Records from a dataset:
lemma teichmueller_lift:
  assumes "\<not> p dvd g"
  obtains t where "t ^ (p - 1) = 1" and "P dvd t - of_nat g" and "p_adic_integer t"
proof -
  have "P dvd of_nat (g ^ (p - 1)) - of_nat 1"
    using fermat_theorem[OF prime assms] P_dvd_of_nat_diff_iff by blast
  then have "P dvd of_nat g * (of_nat g ^ (p - 1) - 1)"
    by simp
  also have "of_nat g * (of_nat g ^ (p - 1) - 1) = of_nat g ^ p - (of_nat g :: 'w)"
    using prime_gt_0_nat[OF prime] by (simp add: algebra_simps power_eq_if)
  finally have g_p: "P dvd of_nat g ^ p - (of_nat g :: 'w)" .
  obtain t where t_p: "t ^ p = t" and t: "\<And>n. P ^ n dvd t - of_nat g ^ (p ^ n)"
    using teichmueller_limit[OF g_p] by blast
  have "P dvd t - of_nat g ^ p"
    using t[of 1] by simp
  from dvd_add[OF this g_p] have t_g: "P dvd t - of_nat g"
    by simp
  have "t \<noteq> 0"
  proof
    assume "t = 0"
    with t_g have "P dvd of_nat g"
      by simp
    with assms show False
      by (simp add: P_dvd_of_nat_iff)
  qed
  moreover have "t * (t ^ (p - 1) - 1) = 0"
    using t_p prime_gt_0_nat[OF prime] by (simp add: algebra_simps power_eq_if)
  ultimately have "t ^ (p - 1) = 1"
    using no_zero_divisors by fastforce
  moreover have "p_adic_integer t"
    unfolding p_adic_integer_def
  proof
    show "\<exists>m. P ^ n dvd t - of_nat m" for n
      using t[of n] by (intro exI[of _ "g ^ p ^ n"]) simp
  qed
  ultimately show ?thesis
    using t_g that by blast
qed

definition q :: nat where "q = p - 1"

abbreviation G :: "'w set" where "G \<equiv> Gamma_f p"

lemma q_pos: "0 < q"
  using prime_gt_1_nat[OF prime] by (simp add: q_def)

lemma Gamma_f_eq_roots: "G = {z. z ^ q = 1}"
  by (simp add: Gamma_f_def q_def)

lemma primitive_root_of_unity_exists:
  "\<exists>t. t ^ q = 1 \<and> (\<forall>k. 0 < k \<longrightarrow> k < q \<longrightarrow> t ^ k \<noteq> 1) \<and> p_adic_integer t"
proof -
  obtain g where "residue_primroot p g"
    using prime_primitive_root_exists prime prime_gt_1_nat by blast
  then have "coprime p g" and ord: "ord p g = q"
    by (auto simp: residue_primroot_def totient_prime[OF prime] q_def)
  then have "\<not> p dvd g"
    using prime coprime_absorb_left not_prime_unit by blast
  then obtain t where t: "t ^ q = 1" "P dvd t - of_nat g" "p_adic_integer t"
    unfolding q_def by (rule teichmueller_lift)
  have "t ^ k \<noteq> 1" if "0 < k" "k < q" for k
  proof
    assume "t ^ k = 1"
    have "P dvd t ^ k - of_nat g ^ k"
      using t(2) dvd_power_diff dvd_trans by blast
    with \<open>t ^ k = 1\<close> have "P dvd of_nat (g ^ k) - of_nat 1"
      using dvd_minus_iff[of P "1 - of_nat g ^ k"] by simp
    then have "[g ^ k = 1] (mod p)"
      by (simp only: P_dvd_of_nat_diff_iff)
    with ord_minimal[OF that[unfolded ord[symmetric]]] show False
      by simp
  qed
  with t show ?thesis
    by blast
qed

definition \<omega> :: 'w where
  "\<omega> = (SOME t. t ^ q = 1 \<and> (\<forall>k. 0 < k \<longrightarrow> k < q \<longrightarrow> t ^ k \<noteq> 1) \<and> p_adic_integer t)"

lemma
  shows omega_power_q: "\<omega> ^ q = 1"
    and omega_power_neq_1: "0 < k \<Longrightarrow> k < q \<Longrightarrow> \<omega> ^ k \<noteq> 1"
    and p_adic_integer_omega: "p_adic_integer \<omega>"
  using someI_ex[OF primitive_root_of_unity_exists] unfolding \<omega>_def[symmetric] by blast+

**TASK GOAL:**
The line above containing "- of_nat g ^ (p", the line containing "definition \<omega> :: 'w where", and every line between them are to be transcribed exactly; no other line is wanted.

**WRITTEN RESPONSE:**
  obtain t where t_p: "t ^ p = t" and t: "\<And>n. P ^ n dvd t - of_nat g ^ (p ^ n)"
    using teichmueller_limit[OF g_p] by blast
  have "P dvd t - of_nat g ^ p"
    using t[of 1] by simp
  from dvd_add[OF this g_p] have t_g: "P dvd t - of_nat g"
    by simp
  have "t \<noteq> 0"
  proof
    assume "t = 0"
    with t_g have "P dvd of_nat g"
      by simp
    with assms show False
      by (simp add: P_dvd_of_nat_iff)
  qed
  moreover have "t * (t ^ (p - 1) - 1) = 0"
    using t_p prime_gt_0_nat[OF prime] by (simp add: algebra_simps power_eq_if)
  ultimately have "t ^ (p - 1) = 1"
    using no_zero_divisors by fastforce
  moreover have "p_adic_integer t"
    unfolding p_adic_integer_def
  proof
    show "\<exists>m. P ^ n dvd t - of_nat m" for n
      using t[of n] by (intro exI[of _ "g ^ p ^ n"]) simp
  qed
  ultimately show ?thesis
    using t_g that by blast
qed

definition q :: nat where "q = p - 1"

abbreviation G :: "'w set" where "G \<equiv> Gamma_f p"

lemma q_pos: "0 < q"
  using prime_gt_1_nat[OF prime] by (simp add: q_def)

lemma Gamma_f_eq_roots: "G = {z. z ^ q = 1}"
  by (simp add: Gamma_f_def q_def)

lemma primitive_root_of_unity_exists:
  "\<exists>t. t ^ q = 1 \<and> (\<forall>k. 0 < k \<longrightarrow> k < q \<longrightarrow> t ^ k \<noteq> 1) \<and> p_adic_integer t"
proof -
  obtain g where "residue_primroot p g"
    using prime_primitive_root_exists prime prime_gt_1_nat by blast
  then have "coprime p g" and ord: "ord p g = q"
    by (auto simp: residue_primroot_def totient_prime[OF prime] q_def)
  then have "\<not> p dvd g"
    using prime coprime_absorb_left not_prime_unit by blast
  then obtain t where t: "t ^ q = 1" "P dvd t - of_nat g" "p_adic_integer t"
    unfolding q_def by (rule teichmueller_lift)
  have "t ^ k \<noteq> 1" if "0 < k" "k < q" for k
  proof
    assume "t ^ k = 1"
    have "P dvd t ^ k - of_nat g ^ k"
      using t(2) dvd_power_diff dvd_trans by blast
    with \<open>t ^ k = 1\<close> have "P dvd of_nat (g ^ k) - of_nat 1"
      using dvd_minus_iff[of P "1 - of_nat g ^ k"] by simp
    then have "[g ^ k = 1] (mod p)"
      by (simp only: P_dvd_of_nat_diff_iff)
    with ord_minimal[OF that[unfolded ord[symmetric]]] show False
      by simp
  qed
  with t show ?thesis
    by blast
qed

definition \<omega> :: 'w where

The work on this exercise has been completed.